Хонгор и Эрле жили в убогой кибитке как настоящие отшельники, если бывают отшельники, которые живут вдвоем. Эрле давно потеряла счет дням: порою ей казалось, что она жила так всегда, что всю жизнь будет она просыпаться чем свет на кошме, уткнувшись в горячее плечо Хонгора, а потом, приподнявшись на локте, долго смотреть в спящее лицо.
И это странное лицо, и голос, произносящий дикие, резкие слова, и одежда, и походка, и стать, и даже запах – все по отдельности было в нем чужим и даже пугающим, но вместе как-то необъяснимо слагалось в единственный, дорогой образ Хонгора, князя степей, владевшего телом Эрле так же свободно, щедро, безмятежно, как владел он просторами своих степей.
– Мы назовем его Энке или Мэнке, Спокойствие или Вечность, – твердил ночами Хонгор, – если это будет сын.

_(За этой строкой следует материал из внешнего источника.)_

lemma solves_iff:
  "solves C M z \<psi> \<longleftrightarrow> (\<forall>x. M \<le> x \<longrightarrow> \<psi> x = 0) \<and>
     (\<forall>n<M. z * \<psi> n $ 1 = (if n + 1 < M then C$1$1 * \<psi> (n+1)$1 + C$1$2 * \<psi> (n+1)$2 else 0) \<and>
      z * \<psi> n $ 2 = (if 0 < n then C$2$1 * \<psi> (n-1)$1 + C$2$2 * \<psi> (n-1)$2 else 1))"
proof -
  have "(z *s \<psi> n - Eop C M \<psi> n = (if n = 0 then Rvec else 0)) \<longleftrightarrow>
     (z * \<psi> n $ 1 = (if n + 1 < M then C$1$1 * \<psi> (n+1)$1 + C$1$2 * \<psi> (n+1)$2 else 0) \<and>
      z * \<psi> n $ 2 = (if 0 < n then C$2$1 * \<psi> (n-1)$1 + C$2$2 * \<psi> (n-1)$2 else 1))"
    if "n < M" for n
    using that less_imp_diff_less[OF that, of 1] unfolding vec_eq_iff forall_2
    by (cases "n + 1 < M"; cases "n = 0"; simp add: Eop_components Rvec_def)
  then show ?thesis unfolding solves_def by blast
qed

lemma norm_vec2_sq: "(norm (v::complex^2))^2 = (cmod (v$1))^2 + (cmod (v$2))^2"
  unfolding norm_vec_def L2_set_def sum_2 by simp

lemma backward_recursion_unique:
  fixes a b c d z :: complex and \<psi> \<phi> :: "nat \<Rightarrow> complex^2"
  assumes z: "z \<noteq> 0" and d: "d \<noteq> 0" and M: "0 < M"
    and \<psi>1: "\<forall>n<M. z * \<psi> n $ 1 = (if n + 1 < M then a * \<psi> (n+1)$1 + b * \<psi> (n+1)$2 else 0)"
    and \<phi>1: "\<forall>n<M. z * \<phi> n $ 1 = (if n + 1 < M then a * \<phi> (n+1)$1 + b * \<phi> (n+1)$2 else 0)"
    and \<psi>2: "\<forall>n. 0 < n \<and> n < M \<longrightarrow> z * \<psi> n $ 2 = c * \<psi> (n-1)$1 + d * \<psi> (n-1)$2"
    and \<phi>2: "\<forall>n. 0 < n \<and> n < M \<longrightarrow> z * \<phi> n $ 2 = c * \<phi> (n-1)$1 + d * \<phi> (n-1)$2"
    and last: "\<psi> (M-1) $ 2 = \<phi> (M-1) $ 2"
  shows "\<forall>n<M. \<psi> n = \<phi> n"
proof -
  have "k < M \<longrightarrow> \<psi> (M-1-k) = \<phi> (M-1-k)" for k
  proof (induction k)
    case 0
    have "z * \<psi> (M-1) $ 1 = 0" "z * \<phi> (M-1) $ 1 = 0"
      using \<psi>1 \<phi>1 M by (auto elim!: allE[of _ "M-1"])
    then show ?case using z last by (simp add: vec_eq_iff forall_2)
  next
    case (Suc k)
    show ?case
    proof
      assume k: "Suc k < M"
      define n where "n = M - 1 - Suc k"
      have n: "n + 1 = M - 1 - k" "n + 1 < M" "n < M" using k by (auto simp: n_def)
      have IH: "\<psi> (n+1) = \<phi> (n+1)" using Suc.IH k n by simp
      have "z * \<psi> n $ 1 = z * \<phi> n $ 1" using \<psi>1 \<phi>1 n IH by auto
      then have first: "\<psi> n $ 1 = \<phi> n $ 1" using z by simp
      have "z * \<psi> (n+1) $ 2 = c * \<psi> n $1 + d * \<psi> n $ 2"
        "z * \<phi> (n+1) $ 2 = c * \<phi> n $1 + d * \<phi> n $ 2"
        using \<psi>2[rule_format, of "n+1"] \<phi>2[rule_format, of "n+1"] n by simp_all
      then have "d * \<psi> n $ 2 = d * \<phi> n $ 2" using IH first by (metis add_left_cancel)
      then have "\<psi> n $ 2 = \<phi> n $ 2" using d by simp
      then show "\<psi> (M - 1 - Suc k) = \<phi> (M - 1 - Suc k)"
        using first by (simp add: vec_eq_iff forall_2 n_def)
    qed
  qed
  note backward = this
  show ?thesis
  proof (intro allI impI)
    fix n assume "n < M"
    then show "\<psi> n = \<phi> n" using backward[of "M - 1 - n"] by simp
  qed
qed

locale energy_setting =
  fixes C :: "complex^2^2" and sq \<omega> :: complex and \<theta> :: real
  assumes unitary: "unitary2 C" and sqrt: "sq\<^sup>2 = det C"
    and nonzero: "C$1$1 * C$1$2 * C$2$1 * C$2$2 \<noteq> 0"
    and norm_omega: "cmod \<omega> = 1" and cos_theta: "complex_of_real (cos \<theta>) = xfun C \<omega>"
    and sin_theta: "sin \<theta> \<noteq> 0"
begin

abbreviation "a \<equiv> C$1$1"
abbreviation "b \<equiv> C$1$2"
abbreviation "c \<equiv> C$2$1"
abbreviation "d \<equiv> C$2$2"

definition "rho = cmod a"
definition "lam = sq * cnj a / of_real rho"
definition "z = sq * \<omega>"

lemma entries_nonzero: "a \<noteq> 0" "b \<noteq> 0" "c \<noteq> 0" "d \<noteq> 0"
  using nonzero by auto

lemma rho_pos: "0 < rho"
  using entries_nonzero by (simp add: rho_def)

lemma norm_b_sq: "(cmod b)^2 = 1 - rho^2"
  using unitary2_norm_entries(1)[OF unitary entries_nonzero(2)] by (simp add: rho_def)

lemma a_mult_cnj: "a * cnj a = of_real (rho^2)"
  by (metis complex_norm_square rho_def)

lemma b_mult_cnj: "b * cnj b = 1 - of_real (rho^2)"
  using unitary2_rows(1)[OF unitary] a_mult_cnj by (simp add: algebra_simps)

lemma norm_sq: "cmod sq = 1"
proof -
  have "(cmod sq)^2 = 1"
    using sqrt unitary2_second_row(3)[OF unitary] by (simp flip: norm_power)
  then show ?thesis using norm_ge_zero[of sq] by (auto simp: power2_eq_1_iff)
qed

lemma norm_z: "cmod z = 1"
  using norm_sq norm_omega by (simp add: z_def norm_mult)

lemma z_nonzero: "z \<noteq> 0"
  using norm_z by auto

lemma norm_lam: "cmod lam = 1"
  using norm_sq rho_pos by (simp add: lam_def norm_mult norm_divide rho_def)

lemma lam_mult_a: "lam * a = sq * of_real rho"
proof -
  have "lam * a = sq * (a * cnj a) / of_real rho" by (simp add: lam_def algebra_simps)
  then show ?thesis using rho_pos by (simp add: a_mult_cnj power2_eq_square)
qed

lemma omega_plus_inverse: "\<omega> + inverse \<omega> = 2 * of_real rho * of_real (cos \<theta>)"
  using cos_theta rho_pos by (simp add: xfun_def rho_def field_simps)

lemma omega_quadratic: "2 * of_real rho * of_real (cos \<theta>) * \<omega> = \<omega>^2 + 1"
proof -
  note omega_plus_inverse
  moreover have "(\<omega> + inverse \<omega>) * \<omega> = \<omega>^2 + 1"
    using norm_omega by (auto simp: field_simps power2_eq_square)
  ultimately show ?thesis by simp
qed

lemma norm_combination_sq:
  "(cmod (\<omega> * of_real u - of_real (rho * w)))^2 = u^2 + rho^2 * w^2 - 2 * rho^2 * cos \<theta> * u * w"
proof -
  have unit: "(Re \<omega>)^2 + (Im \<omega>)^2 = 1" using norm_omega cmod_power2[of \<omega>] by simp
  have "Re (\<omega> + inverse \<omega>) = 2 * rho * cos \<theta>"
    using omega_plus_inverse by simp
  moreover have "Re (inverse \<omega>) = Re \<omega>" using unit by (simp add: power2_eq_square)
  ultimately have Re: "Re \<omega> = rho * cos \<theta>" by simp
  have "(cmod (\<omega> * of_real u - of_real (rho * w)))^2 = (Re \<omega> * u - rho * w)^2 + (Im \<omega> * u)^2"
    by (simp add: cmod_power2)
  also have "\<dots> = ((Re \<omega>)^2 + (Im \<omega>)^2) * u^2 - 2 * rho * Re \<omega> * u * w + rho^2 * w^2"
    by (simp add: algebra_simps power2_eq_square)
  also have "\<dots> = u^2 - 2 * rho * Re \<omega> * u * w + rho^2 * w^2"
    by (simp only: unit mult_1)
  also have "\<dots> = u^2 + rho^2 * w^2 - 2 * rho^2 * cos \<theta> * u * w"
    unfolding Re by (simp add: algebra_simps power2_eq_square)
  finally show ?thesis .
qed

text \<open>Propagating the equations backwards from \<open>\<phi> M = 0\<close> gives, up to the
  constant \<open>K\<close>, the following ansatz; the equation at \<open>n = 0\<close> then fixes \<open>K\<close>.\<close>

definition ansatz :: "nat \<Rightarrow> complex \<Rightarrow> nat \<Rightarrow> complex^2" where
  "ansatz M K n = vector [K * lam^n * b * of_real rho * of_real (chebU \<theta> (M-1-n)),
      K * lam^n * a * (\<omega> * of_real (chebU \<theta> (M-n)) - of_real (rho * chebU \<theta> (M-1-n)))]"

lemma ansatz_first_row:
  assumes "n < M"
  shows "z * ansatz M K n $ 1 =
    (if n + 1 < M then a * ansatz M K (n+1) $ 1 + b * ansatz M K (n+1) $ 2 else 0)"
proof (cases "n + 1 < M")
  case True
  define j where "j = M - 2 - n"
  have j: "M - 1 - n = Suc j" "M - 1 - (n+1) = j" "M - (n+1) = Suc j"
    using True unfolding j_def by arith+
  let ?V = "of_real (chebU \<theta> (Suc j)) :: complex" and ?W = "of_real (chebU \<theta> j) :: complex"
  have "a * ansatz M K (n+1) $ 1 + b * ansatz M K (n+1) $ 2
      = a * (K * lam^(n+1) * b * of_real rho * ?W)
        + b * (K * lam^(n+1) * a * (\<omega> * ?V - of_real rho * ?W))"
    unfolding ansatz_def j by simp
  also have "\<dots> = K * lam^n * (lam * a) * b * \<omega> * ?V" by (simp add: algebra_simps)
  also have "\<dots> = z * ansatz M K n $ 1"
    unfolding ansatz_def j lam_mult_a z_def by (simp add: algebra_simps)
  finally show ?thesis using True by simp
qed (use assms in \<open>simp add: ansatz_def\<close>)

lemma ansatz_second_row:
  assumes "0 < n" "n < M"
  shows "z * ansatz M K n $ 2 = c * ansatz M K (n-1) $ 1 + d * ansatz M K (n-1) $ 2"
proof -
  obtain m where m: "n = Suc m" using assms by (cases n) auto
  define k where "k = M - 1 - n"
  have k: "M - 1 - n = k" "M - n = Suc k" "M - Suc m = Suc k" "M - m = Suc (Suc k)"
    using assms m unfolding k_def by arith+
  let ?V0 = "of_real (chebU \<theta> k) :: complex" and ?V1 = "of_real (chebU \<theta> (Suc k)) :: complex"
    and ?r = "of_real rho :: complex" and ?ct = "of_real (cos \<theta>) :: complex"
  have "z * lam * a = sq * \<omega> * (lam * a)" by (simp add: z_def algebra_simps)
  also have "\<dots> = sq^2 * \<omega> * ?r" unfolding lam_mult_a by (simp add: power2_eq_square algebra_simps)
  finally have zla: "z * lam * a = det C * \<omega> * ?r" using sqrt by simp
  have "c * b = - det C * (b * cnj b)"
    by (subst unitary2_second_row(2)[OF unitary]) (simp add: algebra_simps)
  then have cb: "c * b = - det C * (1 - ?r^2)" unfolding b_mult_cnj by simp
  have da: "d * a = det C * ?r^2"
    using a_mult_cnj by (subst unitary2_second_row(1)[OF unitary]) (simp add: algebra_simps)
  \<comment> \<open>the recursion of \<open>chebU\<close> enters through \<open>\<omega>\<^sup>2 + 1 = 2 \<rho> cos \<theta> \<omega>\<close>\<close>
  have key: "\<omega> * ?r * (\<omega> * ?V1 - ?r * ?V0) =
      - (1 - ?r^2) * ?r * ?V1 + ?r^2 * (\<omega> * (2 * ?ct * ?V1 - ?V0) - ?r * ?V1)"
  proof -
    have "- (1 - ?r^2) * ?r * ?V1 + ?r^2 * (\<omega> * (2 * ?ct * ?V1 - ?V0) - ?r * ?V1)
        - \<omega> * ?r * (\<omega> * ?V1 - ?r * ?V0) = ?r * ?V1 * (2 * ?r * ?ct * \<omega> - (\<omega>^2 + 1))"
      by (simp add: algebra_simps power2_eq_square)
    then show ?thesis using omega_quadratic by simp
  qed
  have "z * ansatz M K n $ 2 = K * lam^m * (z * lam * a) * (\<omega> * ?V1 - ?r * ?V0)"
    unfolding ansatz_def m k[unfolded m] by (simp add: algebra_simps)
  also have "\<dots> = K * lam^m * det C * (\<omega> * ?r * (\<omega> * ?V1 - ?r * ?V0))"
    unfolding zla by (simp add: algebra_simps)
  also have "\<dots> = K * lam^m * ((c * b) * ?r * ?V1
      + (d * a) * (\<omega> * of_real (chebU \<theta> (Suc (Suc k))) - ?r * ?V1))"
    unfolding key cb da chebU_Suc_Suc by (simp add: algebra_simps)
  also have "\<dots> = c * ansatz M K (n-1) $ 1 + d * ansatz M K (n-1) $ 2"
    unfolding ansatz_def m by (simp add: k(3,4) algebra_simps)
  finally show ?thesis .
qed

definition "boundary M = \<omega> * of_real (chebU \<theta> M) - of_real (rho * chebU \<theta> (M-1))"
definition "norm_const M = 1 / (z * a * boundary M)"
definition "solution M n = (if n < M then ansatz M (norm_const M) n else 0)"

lemma norm_boundary_sq: "(cmod (boundary M))^2 = denom_form rho \<theta> M"
  unfolding boundary_def denom_form_def norm_combination_sq by simp

lemma boundary_nonzero: "0 < denom_form rho \<theta> M \<Longrightarrow> boundary M \<noteq> 0"
  using norm_boundary_sq[of M] by auto

lemma ansatz_0_second: "0 < M \<Longrightarrow> ansatz M K 0 $ 2 = K * a * boundary M"
  by (simp add: ansatz_def boundary_def algebra_simps)

lemma ansatz_last_second: "0 < M \<Longrightarrow> ansatz M K (M-1) $ 2 = K * lam^(M-1) * a * \<omega>"
  using chebU_1[OF sin_theta] by (cases M) (simp_all add: ansatz_def)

А дочь, которая унаследует красоту своей матери, подобную ранней весне, мы наречем Эрдени-Джиргал, Драгоценность-Счастье!
Голова Эрле покоилась на смуглом плече Хонгора, его загорелая рука обнимала ее, но не было в такие минуты более далеких людей.
Ребенок Хонгора – тугой, смуглый, с узкими черными глазенками… Чужие черты. Чужой говор. Чужая судьба!
Ну что же. Он искал в ней то, чего не смогла ему дать Анзан. А Лиза искала в нем то, чего не смогли ей дать Леонтий и, конечно, Алексей. Тело Хонгора, его руки!.. И, слившись, эти две вспышки неудовлетворенных желаний рассеивали тьму степной ночи, высвечивая вечную истину: единение двоих не может длиться долго, и всякая любовь обречена.
Их любовь умерла с мученической смертью Хонгора, разодранного между гривами мчащихся лошадей. Такова была освященная обычаями кара за убийство соплеменника. Пусть и невольное: в пылу борьбы Хонгор сломал противнику шею. А по тому же закону предков все имущество казненного, в том числе и его женщины, становились собственностью наследника убитого. Так Эрле, обезумевшая от горя и ужаса, стала вещью в руках Эльбека, того самого калмыка, убившего Леонтия, от которого она бежала в адов жар безводной степи, где едва не умерла от голода и жажды. Ее, полуживую, нашел и спас от верной гибели Хонгор.
Эльбек… Эльбек… Это имя звучало в ушах Лизы как удары хлыста. Он снова настиг ее. Но на сей раз руки Эльбека оказались связаны болезнью. Весь улус ночью тихо снялся и ушел в кочевье, оставив Эльбека и Эрле в кибитке с черными тряпками сверху – знаком черной болезни, чумы. Эльбек умолял Лизу ходить за ним, а за это обещал ей в случае выздоровления отпустить с миром и даже отвезти к своим. Лиза, дивясь самой себе, ходила за больным, и ему даже стало лучше.